Re: AS Library Question
Re: AS Library Question
- Subject: Re: AS Library Question
- From: Chris Page <email@hidden>
- Date: Thu, 17 Dec 2015 05:53:00 -0800
> On Dec 10, 2015, at 3:00 PM, Shane Stanley <email@hidden> wrote:
>
> So I take it the answer to my implied question -- "I'm wondering if your latest assessment is based on more recent experience or technical insight" -- is no. Thanks.
>
>> On 11 Dec 2015, at 6:41 AM, has <email@hidden> wrote:
>>
>> but since that's never been a requirement in the official developer documentation most apps - and even Apple's own NSAppleScript class - have spent the last 20 years happily loading scripts into a single CI and aren't about to change just because some Apple engineer says something on a little-read mailing list.
His comments about the relationship between OSA component instances and script library loading don't seem to actually indicate a technical problem, just a personal discomfort with it conceptually, because it is more flexible than Mach-O frameworks.
Script Library Loading and AppleScript Component Instances
==========================================================
As mentioned in one of my earlier replies on this thread, library scripts are essentially identical to any other script once they're loaded into the AppleScript runtime. Apart from the search path used to locate them, they're just like scripts loaded with “load script”. Scripts are loaded into an instance of the AppleScript runtime (aka “component instance”), and OSA supports more than one component instance within a single Unix process. So script libraries are just working the way scripts work in OSA and AppleScript.

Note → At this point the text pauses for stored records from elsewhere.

definition divW :: "metric \<Rightarrow> pt \<Rightarrow> 4 \<Rightarrow> 4 \<Rightarrow> 4 \<Rightarrow> real" where
  "divW g x i j k = - 1/2 * (nabla_ric g x i j k - nabla_ric g x j i k)
     + 1/12 * (pd i (scal g) x * g x $ j $ k - pd j (scal g) x * g x $ i $ k)"

definition hess :: "metric \<Rightarrow> (pt \<Rightarrow> real) \<Rightarrow> pt \<Rightarrow> 4 \<Rightarrow> 4 \<Rightarrow> real" where
  "hess g f x i j = pd i (pd j f) x - (\<Sum>k\<in>UNIV. Chr g x k i j * pd k f x)"

definition grad :: "metric \<Rightarrow> (pt \<Rightarrow> real) \<Rightarrow> pt \<Rightarrow> real^4" where
  "grad g f x = (\<chi> k. \<Sum>l\<in>UNIV. gi g x k l * pd l f x)"

definition ev2 :: "(4 \<Rightarrow> 4 \<Rightarrow> real) \<Rightarrow> real^4 \<Rightarrow> real^4 \<Rightarrow> real" where
  "ev2 B X Y = (\<Sum>i\<in>UNIV. \<Sum>j\<in>UNIV. B i j * X $ i * Y $ j)"

definition ev4 :: "(4 \<Rightarrow> 4 \<Rightarrow> 4 \<Rightarrow> 4 \<Rightarrow> real) \<Rightarrow> real^4 \<Rightarrow> real^4 \<Rightarrow> real^4 \<Rightarrow> real^4 \<Rightarrow> real" where
  "ev4 B X Y Z T = (\<Sum>i\<in>UNIV. \<Sum>j\<in>UNIV. \<Sum>k\<in>UNIV. \<Sum>l\<in>UNIV.
      B i j k l * X $ i * Y $ j * Z $ k * T $ l)"

definition quasi_einstein :: "pt set \<Rightarrow> metric \<Rightarrow> (pt \<Rightarrow> real) \<Rightarrow> real \<Rightarrow> bool" where
  "quasi_einstein U g f \<mu> \<longleftrightarrow> smooth_fun U f \<and>
     (\<exists>lam. smooth_fun U lam \<and> (\<forall>x\<in>U. \<forall>i j.
        hess g f x i j + ric g x i j - \<mu> * (pd i f x * pd j f x) = lam x * g x $ i $ j))"

definition non_isotropic :: "pt set \<Rightarrow> metric \<Rightarrow> (pt \<Rightarrow> real) \<Rightarrow> bool" where
  "non_isotropic U g f \<longleftrightarrow> (\<forall>x\<in>U. gv g x (grad g f x) (grad g f x) \<noteq> 0)"

definition harmonic_weyl :: "pt set \<Rightarrow> metric \<Rightarrow> bool" where
  "harmonic_weyl U g \<longleftrightarrow> (\<forall>x\<in>U. \<forall>i j k. divW g x i j k = 0)"

end

theory Submission
  imports Defs
begin

text \<open>In a chart, the Ricci identity for the Hessian of \<open>f\<close> and the quasi-Einstein equation express
  the curl \<open>(\<nabla>\<^sub>X\<rho>)(Y,Z) - (\<nabla>\<^sub>Y\<rho>)(X,Z)\<close> through \<open>d\<lambda>\<close>, the curvature term \<open>R(X,Y,Z,\<nabla>f)\<close>
  and \<open>\<rho>\<close>. Harmonicity of \<open>W\<close> turns this into a linear identity between \<open>R(X,Y,Z,\<nabla>f)\<close>,
  \<open>d\<lambda> - d\<tau>/6\<close> and \<open>\<rho>\<close>, whose trace determines \<open>d\<lambda> - d\<tau>/6\<close> in terms of \<open>\<rho>(\<nabla>f, \<cdot>)\<close>.
  On the other hand \<open>W(X,\<nabla>f,Z,\<nabla>f) = 0\<close> expresses \<open>R(X,\<nabla>f,Z,\<nabla>f)\<close> through \<open>\<rho>\<close>. For
  \<open>X, Z\<close> orthogonal to \<open>\<nabla>f\<close> and to each other this yields \<open>(2\<mu> + 1) \<rho>(X,\<nabla>f) = 0\<close> and
  \<open>(\<mu> + 1/2) g(\<nabla>f,\<nabla>f) \<rho>(X,Z) = 0\<close>.\<close>

section \<open>Partial derivatives along coordinate lines\<close>

text \<open>\<open>pd\<close> is defined through \<open>deriv\<close> and carries no information where the derivative does not
  exist, so existence is tracked separately by \<open>has_pd\<close> and \<open>pd_exists\<close>.\<close>

definition has_pd :: "4 \<Rightarrow> (pt \<Rightarrow> real) \<Rightarrow> pt \<Rightarrow> real \<Rightarrow> bool" where
  "has_pd i F x D \<longleftrightarrow> ((\<lambda>t. F (x + t *\<^sub>R axis i 1)) has_real_derivative D) (at 0)"

definition pd_exists :: "4 \<Rightarrow> (pt \<Rightarrow> real) \<Rightarrow> pt \<Rightarrow> bool" where
  "pd_exists i F x \<longleftrightarrow> (\<exists>D. has_pd i F x D)"

lemma pd_eqI: "has_pd i F x D \<Longrightarrow> pd i F x = D"
  unfolding has_pd_def pd_def by (rule DERIV_imp_deriv)

lemma has_pd_pd: "pd_exists i F x \<Longrightarrow> has_pd i F x (pd i F x)"
  unfolding pd_exists_def using pd_eqI by metis

lemma has_pd_add: "has_pd i F x a \<Longrightarrow> has_pd i G x b \<Longrightarrow> has_pd i (\<lambda>y. F y + G y) x (a + b)"
  unfolding has_pd_def by (rule DERIV_add)

lemma has_pd_diff: "has_pd i F x a \<Longrightarrow> has_pd i G x b \<Longrightarrow> has_pd i (\<lambda>y. F y - G y) x (a - b)"
  unfolding has_pd_def by (rule DERIV_diff)

lemma has_pd_mult:
  "has_pd i F x a \<Longrightarrow> has_pd i G x b \<Longrightarrow> has_pd i (\<lambda>y. F y * G y) x (a * G x + F x * b)"
  unfolding has_pd_def by (drule (1) DERIV_mult) (simp add: mult.commute)

lemma has_pd_cmult: "has_pd i F x a \<Longrightarrow> has_pd i (\<lambda>y. c * F y) x (c * a)"
  unfolding has_pd_def by (rule DERIV_cmult)

lemma has_pd_sum:
  "(\<And>k. k \<in> S \<Longrightarrow> has_pd i (F k) x (D k)) \<Longrightarrow> has_pd i (\<lambda>y. \<Sum>k\<in>S. F k y) x (\<Sum>k\<in>S. D k)"
  unfolding has_pd_def by (rule DERIV_sum)

lemma pd_exists_add: "pd_exists i F x \<Longrightarrow> pd_exists i G x \<Longrightarrow> pd_exists i (\<lambda>y. F y + G y) x"
  unfolding pd_exists_def using has_pd_add by blast

lemma pd_exists_diff: "pd_exists i F x \<Longrightarrow> pd_exists i G x \<Longrightarrow> pd_exists i (\<lambda>y. F y - G y) x"
  unfolding pd_exists_def using has_pd_diff by blast

lemma pd_exists_mult: "pd_exists i F x \<Longrightarrow> pd_exists i G x \<Longrightarrow> pd_exists i (\<lambda>y. F y * G y) x"
  unfolding pd_exists_def using has_pd_mult by blast

lemma pd_exists_const: "pd_exists i (\<lambda>y. c) x"
  unfolding pd_exists_def has_pd_def using DERIV_const by blast

lemma pd_exists_cmult: "pd_exists i F x \<Longrightarrow> pd_exists i (\<lambda>y. c * F y) x"
  unfolding pd_exists_def using has_pd_cmult by blast

lemma pd_exists_sum: "(\<And>k. k \<in> S \<Longrightarrow> pd_exists i (F k) x) \<Longrightarrow> pd_exists i (\<lambda>y. \<Sum>k\<in>S. F k y) x"
  unfolding pd_exists_def using has_pd_sum[of S i F x "\<lambda>k. pd i (F k) x"] has_pd_pd
  by (auto simp: pd_exists_def)

lemma pd_exists_divide:
  "pd_exists i F x \<Longrightarrow> pd_exists i G x \<Longrightarrow> G x \<noteq> 0 \<Longrightarrow> pd_exists i (\<lambda>y. F y / G y) x"
  unfolding pd_exists_def has_pd_def by (auto dest: DERIV_divide)

lemma pd_exists_prod: "(\<And>k. k \<in> S \<Longrightarrow> pd_exists i (F k) x) \<Longrightarrow> pd_exists i (\<lambda>y. \<Prod>k\<in>S. F k y) x"
proof -
  assume "\<And>k. k \<in> S \<Longrightarrow> pd_exists i (F k) x"
  then have "((\<lambda>t. \<Prod>k\<in>S. F k (x + t *\<^sub>R axis i 1)) has_real_derivative
      (\<Sum>k\<in>S. pd i (F k) x * (\<Prod>y\<in>S-{k}. F y (x + 0 *\<^sub>R axis i 1)))) (at 0)"
    by (intro has_field_derivative_prod) (use has_pd_pd in \<open>auto simp: has_pd_def\<close>)
  then show ?thesis unfolding pd_exists_def has_pd_def by blast
qed

lemmas pd_exists_intros = pd_exists_add pd_exists_diff pd_exists_mult pd_exists_const
  pd_exists_cmult pd_exists_sum pd_exists_divide pd_exists_prod

lemma pd_const: "pd i (\<lambda>y. c) x = 0"
  by (rule pd_eqI) (simp add: has_pd_def)

lemma pd_add: "pd_exists i F x \<Longrightarrow> pd_exists i G x \<Longrightarrow> pd i (\<lambda>y. F y + G y) x = pd i F x + pd i G x"
  by (intro pd_eqI has_pd_add has_pd_pd)

lemma pd_diff: "pd_exists i F x \<Longrightarrow> pd_exists i G x \<Longrightarrow> pd i (\<lambda>y. F y - G y) x = pd i F x - pd i G x"
  by (intro pd_eqI has_pd_diff has_pd_pd)

lemma pd_mult:
  "pd_exists i F x \<Longrightarrow> pd_exists i G x \<Longrightarrow> pd i (\<lambda>y. F y * G y) x = pd i F x * G x + F x * pd i G x"
  by (intro pd_eqI has_pd_mult has_pd_pd)

lemma pd_cmult: "pd_exists i F x \<Longrightarrow> pd i (\<lambda>y. c * F y) x = c * pd i F x"
  by (intro pd_eqI has_pd_cmult has_pd_pd)

lemma pd_sum:
  "(\<And>k. k \<in> S \<Longrightarrow> pd_exists i (F k) x) \<Longrightarrow> pd i (\<lambda>y. \<Sum>k\<in>S. F k y) x = (\<Sum>k\<in>S. pd i (F k) x)"
  by (intro pd_eqI has_pd_sum has_pd_pd)

lemma eventually_axis_line_in_open:
  fixes x :: pt
  assumes "open U" "x \<in> U"
  shows "eventually (\<lambda>t. x + t *\<^sub>R axis i 1 \<in> U) (nhds 0)"
proof -
  have "open ((\<lambda>t::real. x + t *\<^sub>R axis i (1::real)) -` U)"
    by (intro continuous_open_vimage assms(1)) (auto intro!: continuous_intros)
  then show ?thesis
    using assms(2) unfolding eventually_nhds by force
qed

lemma eventually_axis_line_eq:
  fixes x :: pt
  assumes "open U" "x \<in> U" "\<And>y. y \<in> U \<Longrightarrow> F y = G y"
  shows "eventually (\<lambda>t. F (x + t *\<^sub>R axis i 1) = G (x + t *\<^sub>R axis i 1)) (nhds 0)"
  using eventually_axis_line_in_open[OF assms(1,2)] by (rule eventually_mono) (use assms(3) in auto)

A component instance is a self-contained “universe” that contains objects, some of which are scripts, and some of the scripts may have been loaded from a file found by searching the library search path, or via “load script”, or by compiling it with OSA (or OSAKit). Nothing in one component instance can see anything in any other instance. So, it simply follows that a script (whether or not it's a library script) in one instance can't see a script in another instance, just as if they were Mach-O executables or frameworks loaded into separate processes.

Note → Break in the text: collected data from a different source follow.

lemma inj_on_if_independent_family:
  fixes w :: "'a \<Rightarrow> 'b \<Rightarrow> 'k::field"
  assumes "finite U" and indep: "independent_family U w"
  shows "inj_on w U"
proof (rule inj_onI, rule ccontr)
  fix u u' assume u: "u \<in> U" "u' \<in> U" "w u = w u'" "u \<noteq> u'"
  let ?a = "\<lambda>v. if v = u then 1 else if v = u' then - 1 else 0 :: 'k"
  have "(\<Sum>v\<in>U. ?a v * w v m)
      = (\<Sum>v\<in>U. (if v = u then w u m else 0) - (if v = u' then w u' m else 0))" for m
    using u(4) by (intro sum.cong) auto
  then have "\<forall>m. (\<Sum>v\<in>U. ?a v * w v m) = 0"
    using u \<open>finite U\<close> by (simp add: sum_subtractf)
  moreover have "(\<forall>m. (\<Sum>v\<in>U. ?a v * w v m) = 0) \<longrightarrow> (\<forall>v\<in>U. ?a v = 0)"
    using indep unfolding independent_family_def by (elim allE[of _ ?a])
  ultimately show False
    using u(1) by auto
qed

However, OSA and AppleScript have an advantage over Mach-O frameworks: if you wish, you can create multiple instances of AppleScript within a single process specifically to separate a set of scripts--whether they're library scripts or not--from one another and let them have their own universe to themselves, without having to fork another processes and use IPC to communicate with them from the client.

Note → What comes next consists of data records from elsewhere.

type_synonym 'a op = "'a set \<Rightarrow> 'a set \<Rightarrow> complex"

definition mmult :: "'a set set \<Rightarrow> 'a op \<Rightarrow> 'a op \<Rightarrow> 'a op" where
  "mmult S A B = (\<lambda>y x. \<Sum>z\<in>S. A y z * B z x)"

definition madj :: "'a op \<Rightarrow> 'a op" where
  "madj A = (\<lambda>y x. cnj (A x y))"

text \<open>Exterior derivative d_0 : Omega_k -> Omega_(k+1):
  (d_0 f)(y_0,...,y_(k+1)) = sum_j (-1)^j f(y_0,..,hat y_j,..,y_(k+1)), with y_0 < ... < y_(k+1).
  Matrix entry (y,x) is (-1)^j when x = y minus its j-th vertex (0-based, sorted order).\<close>
definition ext_deriv :: "('a::linorder) op" where
  "ext_deriv = (\<lambda>y x. if x \<subseteq> y \<and> card y = card x + 1
       then (-1) ^ card {w\<in>y. w < the_elem (y - x)} else 0)"

definition Dirac0 :: "('a::linorder) op" where
  "Dirac0 = (\<lambda>y x. ext_deriv y x + madj ext_deriv y x)"

definition Laplacian :: "('a::linorder) set set \<Rightarrow> 'a op" where
  "Laplacian S = mmult S Dirac0 Dirac0"

text \<open>Block parts of an operator D = d + d^* + b: d = blocks Omega_k -> Omega_(k+1),
  b = block diagonal part.\<close>
definition dpart :: "'a op \<Rightarrow> 'a op" where
  "dpart M = (\<lambda>y x. if card y = card x + 1 then M y x else 0)"

definition bpart :: "'a op \<Rightarrow> 'a op" where
  "bpart M = (\<lambda>y x. if card y = card x then M y x else 0)"

definition deform_B :: "real \<Rightarrow> 'a op \<Rightarrow> 'a op" where
  "deform_B \<beta> M = (\<lambda>y x. dpart M y x - madj (dpart M) y x + \<i> * complex_of_real \<beta> * bpart M y x)"

end

theory Submission
  imports Defs "HOL-Library.Function_Algebras"
begin

text \<open>Write Q = D^2 - L. The Lax equation gives Q' = [B, D^2] = [B, Q] + [B, L]. The Laplacian is
  block diagonal for the grading by dimension, so it commutes with passing to the graded parts
  d, d^*, b of D; hence [B, L] is built from graded parts of [D, L] = [D, D^2 - Q] = -[D, Q].
  Thus Q' is bounded linearly in Q, and Q(0) = 0 forces Q = 0 by Gronwall's inequality.\<close>

section \<open>Matrices indexed by simplices\<close>

definition mcomm :: "'a set set \<Rightarrow> 'a op \<Rightarrow> 'a op \<Rightarrow> 'a op" where
  "mcomm S A B = mmult S A B - mmult S B A"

This means that if you have libraries with properties (“state”) that change values, you can have multiple AppleScript instances that each have different values for those properties and they won't interfere with one another. Five clients of a library in component instance A see the same library state as each other, whereas another five in instance B may see different library state from those first five, but the same state as one another.
Note that most clients only ever create one instance of AppleScript. Applets only have one, for example. Script Editor stands out because it creates an instance for every script document so they are independent of each other, which makes script development easier. In particular, it means that if you run a script that uses a library, and then you modify the library and run a different script, the second script will pick up the current library version from disk without interfering with the first script, and the first script will continue using the version it loaded (until you recompile that script, which gives it a fresh component instance, causing it to reload all libraries).
This apparently gives has the willies. I cannot understand why. AppleScript is a dynamic language and runtime that is more flexible than Mach-O, and it is not bound by the limitations of Mach-O loading. And the library mechanism is quite simple and straightforward, and behaves essentially like any other script loading mechanism.
> Actually, NSUserScriptTask (et al) was introduced in 10.8 and promoted as the alternative at WWDC. Indeed, it's the only way for apps in the App Store to run scripts.
NOTE: has's point about one component instance vs. multiple component instances within an application process is orthogonal to the issue of app sandboxes and running scripts in separate processes.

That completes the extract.